They are doing more than just the site we all immediately thought of when we
saw "TripAdvisor". There's also "InstantBooking" [0], widgets, tools, a
platform (it seems) for marketing/buying sponsored listings, analytics, "photo
tools", and probably more. All of that was just from what they listed on
products. Besides this, they are surely doing research, prototyping, and
otherwise developing products that haven't/may never see the light of day.

Furthermore, they seem to do a lot of marketing which for them is the obvious
stuff like online advertising (probably in-house team), conferences, and I'm
guessing also local events. They also do non-obvious stuff such as branding
one of little shops inside the Toronto Pearson International Airport [1].

Finally, looking at LinkedIn, here's the breakdown of employees.

1,100 sales 939 engineering 768 operations 652 bizdev and so on. Full
screenshot here: [https://imgur.com/a/JCoibId](https://imgur.com/a/JCoibId)

Obviously, there must be some overlap in job functions here, otherwise people
are over-reporting that they are employees at the company (LinkedIn claims
5,679 employees). 160 people doing finance doesn't make sense, for instance
(well at least imo).

The only conclusion I can make from this data is that they aren't having
thousands of people working on just the main website.

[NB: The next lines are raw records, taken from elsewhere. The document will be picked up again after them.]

text \<open>E extended by +infinity outside L^2, and its lower semicontinuous relaxation
  on L^0 w.r.t. local convergence in measure (sequential form; this topology is
  metrizable for sigma-finite measures).\<close>
definition E_ext :: "'a measure \<Rightarrow> (('a \<Rightarrow> real) \<Rightarrow> ennreal) \<Rightarrow> ('a \<Rightarrow> real) \<Rightarrow> ennreal" where
  "E_ext M E f = (if L2 M f then E f else \<infinity>)"

definition E_e :: "'a measure \<Rightarrow> (('a \<Rightarrow> real) \<Rightarrow> ennreal) \<Rightarrow> ('a \<Rightarrow> real) \<Rightarrow> ennreal" where
  "E_e M E f = (INF fs \<in> {fs. (\<forall>n. fs n \<in> borel_measurable M) \<and> conv_loc_meas M fs f}.
                  liminf (\<lambda>n. E_ext M E (fs n)))"

definition modular_space_e :: "'a measure \<Rightarrow> (('a \<Rightarrow> real) \<Rightarrow> ennreal) \<Rightarrow> ('a \<Rightarrow> real) set" where
  "modular_space_e M E = {f. f \<in> borel_measurable M \<and>
      ((\<lambda>t. E_e M E (\<lambda>x. t * f x)) \<longlongrightarrow> 0) (at_right 0)}"

definition resolvent :: "'a measure \<Rightarrow> (('a \<Rightarrow> real) \<Rightarrow> ennreal) \<Rightarrow> real \<Rightarrow> ('a \<Rightarrow> real) \<Rightarrow> ('a \<Rightarrow> real)" where
  "resolvent M E \<alpha> f = (SOME h. L2 M h \<and> (\<forall>k. L2 M k \<longrightarrow>
      E h + ennreal (\<alpha> / 2 * integral\<^sup>L M (\<lambda>x. (h x - f x / \<alpha>)\<^sup>2))
      \<le> E k + ennreal (\<alpha> / 2 * integral\<^sup>L M (\<lambda>x. (k x - f x / \<alpha>)\<^sup>2))))"

text \<open>Extension to nonnegative f \<in> L^1 by monotone limits along min f n \<in> L^2.\<close>
definition resolvent_pos :: "'a measure \<Rightarrow> (('a \<Rightarrow> real) \<Rightarrow> ennreal) \<Rightarrow> real \<Rightarrow> ('a \<Rightarrow> real) \<Rightarrow> 'a \<Rightarrow> ereal" where
  "resolvent_pos M E \<alpha> f x = (SUP n::nat. ereal (resolvent M E \<alpha> (\<lambda>y. min (f y) (real n)) x))"

text \<open>Green operator: limit as alpha \<rightarrow> 0+, taken along alpha = 1/(k+1).\<close>
definition green :: "'a measure \<Rightarrow> (('a \<Rightarrow> real) \<Rightarrow> ennreal) \<Rightarrow> ('a \<Rightarrow> real) \<Rightarrow> 'a \<Rightarrow> ereal" where
  "green M E f x = liminf (\<lambda>k::nat. resolvent_pos M E (1 / real (Suc k)) f x)"

definition critical :: "'a measure \<Rightarrow> (('a \<Rightarrow> real) \<Rightarrow> ennreal) \<Rightarrow> bool" where
  "critical M E \<longleftrightarrow>
     (\<forall>f. f \<in> borel_measurable M \<and> integrable M f \<and> (\<forall>x\<in>space M. 0 \<le> f x) \<longrightarrow>
        (AE x in M. \<not> (0 < f x \<and> green M E f x < \<infinity>)))"

end

theory Submission
  imports Defs
begin

text \<open>
  Condition (iii) is the pivot.  Given approximating units \<open>e\<^sub>n\<close> as in (iii), convexity alone turns
  \<open>\<parallel>e\<^sub>n\<parallel>\<^sub>L \<rightarrow> 0\<close> into \<open>\<E>(c e\<^sub>n) \<rightarrow> 0\<close> for every \<open>c > 0\<close>, so the relaxation \<open>\<E>\<^sub>e\<close>
  vanishes on all constants, which is (ii).  Testing the minimality of the resolvents \<open>h\<^sub>k = G\<^bsub>1/k\<^esub>(f \<and> 1)\<close> against the
  competitors \<open>max h\<^sub>k (c e\<^sub>n)\<close> bounds the measure of every set on which \<open>f\<close> is bounded below
  and the \<open>h\<^sub>k\<close> stay bounded, up to the part where \<open>e\<^sub>n\<close> is far from \<open>1\<close>, by a multiple of \<open>\<E>(c e\<^sub>n) \<rightarrow> 0\<close>; hence \<open>G f = \<infinity>\<close> almost
  everywhere on \<open>{f > 0}\<close>, which is (i).

  Conversely, both (i) and (ii) provide, on each set of finite measure, functions of small
  Luxemburg norm that are close to \<open>1\<close>: the truncations \<open>(w \<or> 0) \<and> c\<close>, divided by \<open>c\<close>, of a
  function \<open>w\<close> of bounded energy that is close to or above the level \<open>c\<close>.  Under (ii), \<open>w\<close> is
  a near-optimal approximant of a large constant in the relaxation; under (i), \<open>w = G\<^bsub>1/k\<^esub> f\<close>
  for a small strictly positive \<open>f\<close>, which tends to \<open>\<infinity>\<close> almost everywhere and satisfies
  \<open>\<E>(w \<and> c) \<le> c \<integral>f\<close>.  A diagonal argument along an exhaustion by sets of finite measure
  then yields (iii).  Because the resolvent is defined by a choice operator, all of this rests on
  the existence of the minimizers, which follows from the uniform convexity of the quadratic
  term and the completeness of \<open>L\<^sup>2\<close>.
\<close>

lemma square_le_of_abs_le_sum:
  fixes a b g :: real
  assumes "\<bar>g\<bar> \<le> \<bar>a\<bar> + \<bar>b\<bar>"
  shows "g\<^sup>2 \<le> 2 * a\<^sup>2 + 2 * b\<^sup>2"
proof -
  have "g\<^sup>2 \<le> (\<bar>a\<bar> + \<bar>b\<bar>)\<^sup>2"
    using assms power_mono[of "\<bar>g\<bar>" "\<bar>a\<bar> + \<bar>b\<bar>" 2] by simp
  also have "\<dots> \<le> 2 * a\<^sup>2 + 2 * b\<^sup>2"
    using sum_squares_bound[of "\<bar>a\<bar>" "\<bar>b\<bar>"] by (simp add: power2_sum)
  finally show ?thesis .
qed

lemma abs_mult_le_weighted_squares:
  fixes d v \<eta> :: real
  assumes "0 < \<eta>"
  shows "\<bar>d * v\<bar> \<le> (d\<^sup>2 / \<eta> + \<eta> * v\<^sup>2) / 2"
proof -
  have "0 \<le> (\<bar>d\<bar> - \<eta> * \<bar>v\<bar>)\<^sup>2" by simp
  then have "2 * \<eta> * \<bar>d * v\<bar> \<le> d\<^sup>2 + \<eta>\<^sup>2 * v\<^sup>2"
    by (simp add: power2_eq_square algebra_simps abs_mult)
  then show ?thesis
    using assms by (simp add: field_simps power2_eq_square)
qed

lemma square_midpoint_diff:
  fixes a b v :: real
  shows "((a + b) / 2 - v)\<^sup>2 = ((a - v)\<^sup>2 + (b - v)\<^sup>2) / 2 - (a - b)\<^sup>2 / 4"
  by (simp add: power2_eq_square field_simps)

lemma square_shift_expand:
  fixes a x f :: real
  assumes "a \<noteq> 0"
  shows "a / 2 * (x - f / a)\<^sup>2 = a / 2 * x\<^sup>2 - x * f + f\<^sup>2 / (2 * a)"
  using assms by (simp add: power2_eq_square field_simps)

lemma square_min_zero_le_diff:
  fixes h v :: real
  assumes "0 \<le> v"
  shows "(min h 0)\<^sup>2 \<le> (h - v)\<^sup>2 - (max h 0 - v)\<^sup>2"
proof (cases "0 \<le> h")
  case False
  then have "h * v \<le> 0" using assms by (simp add: mult_nonpos_nonneg)
  then show ?thesis using False by (simp add: power2_eq_square algebra_simps)
qed simp

lemma max_competitor_pointwise:
  fixes a h u f :: real
  assumes "0 < a"
  shows "f * max (u - h) 0 - a / 2 * u\<^sup>2 \<le> a / 2 * (h - f / a)\<^sup>2 - a / 2 * (max h u - f / a)\<^sup>2"
proof (cases "u \<le> h")
  case False
  then have "max h u = u" "max (u - h) 0 = u - h" by auto
  then show ?thesis
    using assms unfolding square_shift_expand[OF less_imp_neq[OF assms, symmetric]]
    by (simp add: algebra_simps)
qed (use assms in \<open>simp add: max_def\<close>)

lemma truncation_competitor_pointwise:
  fixes a h f c :: real
  assumes "0 < a" "0 \<le> h" "0 \<le> f" "0 \<le> c"
  shows "- (c * f) \<le> a / 2 * (h - f / a)\<^sup>2 - a / 2 * (max (h - c) 0 - f / a)\<^sup>2"
proof (cases "h \<le> c")
  case True
  then have "h * f \<le> c * f" using assms by (simp add: mult_right_mono)
  moreover have "0 \<le> a * h\<^sup>2" using assms by simp
  ultimately show ?thesis
    using True unfolding square_shift_expand[OF less_imp_neq[OF assms(1), symmetric]]
    by (simp add: max_def)
next
  case False
  then have "0 \<le> a * (c * (2 * h - c))" "0 \<le> c * f" using assms by simp_all
  moreover have "a / 2 * (h - f / a)\<^sup>2 - a / 2 * (max (h - c) 0 - f / a)\<^sup>2 = a * (c * (2 * h - c)) / 2 - c * f"
    using False unfolding square_shift_expand[OF less_imp_neq[OF assms(1), symmetric]]
    by (simp add: power2_eq_square algebra_simps add_divide_distrib diff_divide_distrib)
  ultimately show ?thesis by simp
qed

lemma max_min_exchange_pointwise:
  fixes a b x y f :: real
  assumes "0 < a" "0 < b"
  shows "a / 2 * (max x y - f / a)\<^sup>2 + b / 2 * (min x y - f / b)\<^sup>2
          - a / 2 * (x - f / a)\<^sup>2 - b / 2 * (y - f / b)\<^sup>2
        = (if x < y then (b - a) / 2 * (x\<^sup>2 - y\<^sup>2) else 0)"
  unfolding square_shift_expand[OF less_imp_neq[OF assms(1), symmetric]]
    square_shift_expand[OF less_imp_neq[OF assms(2), symmetric]]
  by (cases "x < y") (simp_all add: max_def min_def algebra_simps, simp add: field_simps)

lemma clip_deviation_imp_less:
  fixes w c \<delta> :: real
  assumes c: "0 < c" and \<delta>: "0 \<le> \<delta>" and dev: "\<delta> < \<bar>max 0 (min w c) / c - 1\<bar>"
  shows "w < c * (1 - \<delta>)"
proof (rule ccontr)
  assume "\<not> w < c * (1 - \<delta>)"
  then have "c * (1 - \<delta>) \<le> max 0 (min w c)"
    using c \<delta> by (auto simp: min_def max_def mult_le_cancel_left1)
  then have "1 - \<delta> \<le> max 0 (min w c) / c"
    using c by (simp add: field_simps)
  moreover have "max 0 (min w c) / c \<le> 1"
    using c by simp
  ultimately show False
    using dev by (simp add: abs_if split: if_splits)
qed

lemma quarter_deviation_of_less:
  fixes t N y :: real
  assumes "0 < t" "N < 2 * t" "N + t > 4 * t * y"
  shows "1 / 4 < \<bar>y - 1\<bar>"
proof -
  have "4 * t * y < 3 * t" using assms(2,3) by linarith
  then have "y < 3 / 4" using assms(1) by simp
  then show ?thesis by linarith
qed

lemma Cauchy_of_inverse_bound:
  fixes D :: "nat \<Rightarrow> nat \<Rightarrow> real"
  assumes D: "\<And>i j. D i j \<le> c * (1 / Suc i + 1 / Suc j)" and c: "0 < c" and e: "0 < e"
  shows "\<exists>N. \<forall>i\<ge>N. \<forall>j\<ge>N. D i j < e"
proof -
  have "(\<lambda>n. 2 * c * inverse (real (Suc n))) \<longlonglongrightarrow> 2 * c * 0"
    by (intro tendsto_mult tendsto_const LIMSEQ_inverse_real_of_nat)
  then have "\<forall>\<^sub>F n in sequentially. 2 * c * inverse (real (Suc n)) < e"
    using e by (intro order_tendstoD(2)) auto
  then obtain N where N: "2 * c / real (Suc N) < e"
    using eventually_happens'[OF sequentially_bot] by (auto simp: inverse_eq_divide)
  have "D i j < e" if "N \<le> i" "N \<le> j" for i j
  proof -
    have "1 / real (Suc i) \<le> 1 / real (Suc N)" "1 / real (Suc j) \<le> 1 / real (Suc N)"
      using that by (simp_all add: frac_le)
    then have "c * (1 / Suc i + 1 / Suc j) \<le> c * (1 / real (Suc N) + 1 / real (Suc N))"
      using c by (intro mult_left_mono) auto
    also have "\<dots> = 2 * c / real (Suc N)"
      by (simp add: field_simps)
    finally show ?thesis using D[of i j] N by linarith
  qed
  then show ?thesis by blast
qed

I'm inclined to guess
that they ARE probably bloated, but without knowing anything besides some
marketing copy for their other projects, it's hard to say with any confidence.

[0]
[https://www.tripadvisor.com/InstantBooking](https://www.tripadvisor.com/InstantBooking)
[1] [https://www.torontopearson.com/en/while-you-are-
here/toronto...](https://www.torontopearson.com/en/while-you-are-here/toronto-
airport-shops/tripadvisor-store-t1-after-canada-d20)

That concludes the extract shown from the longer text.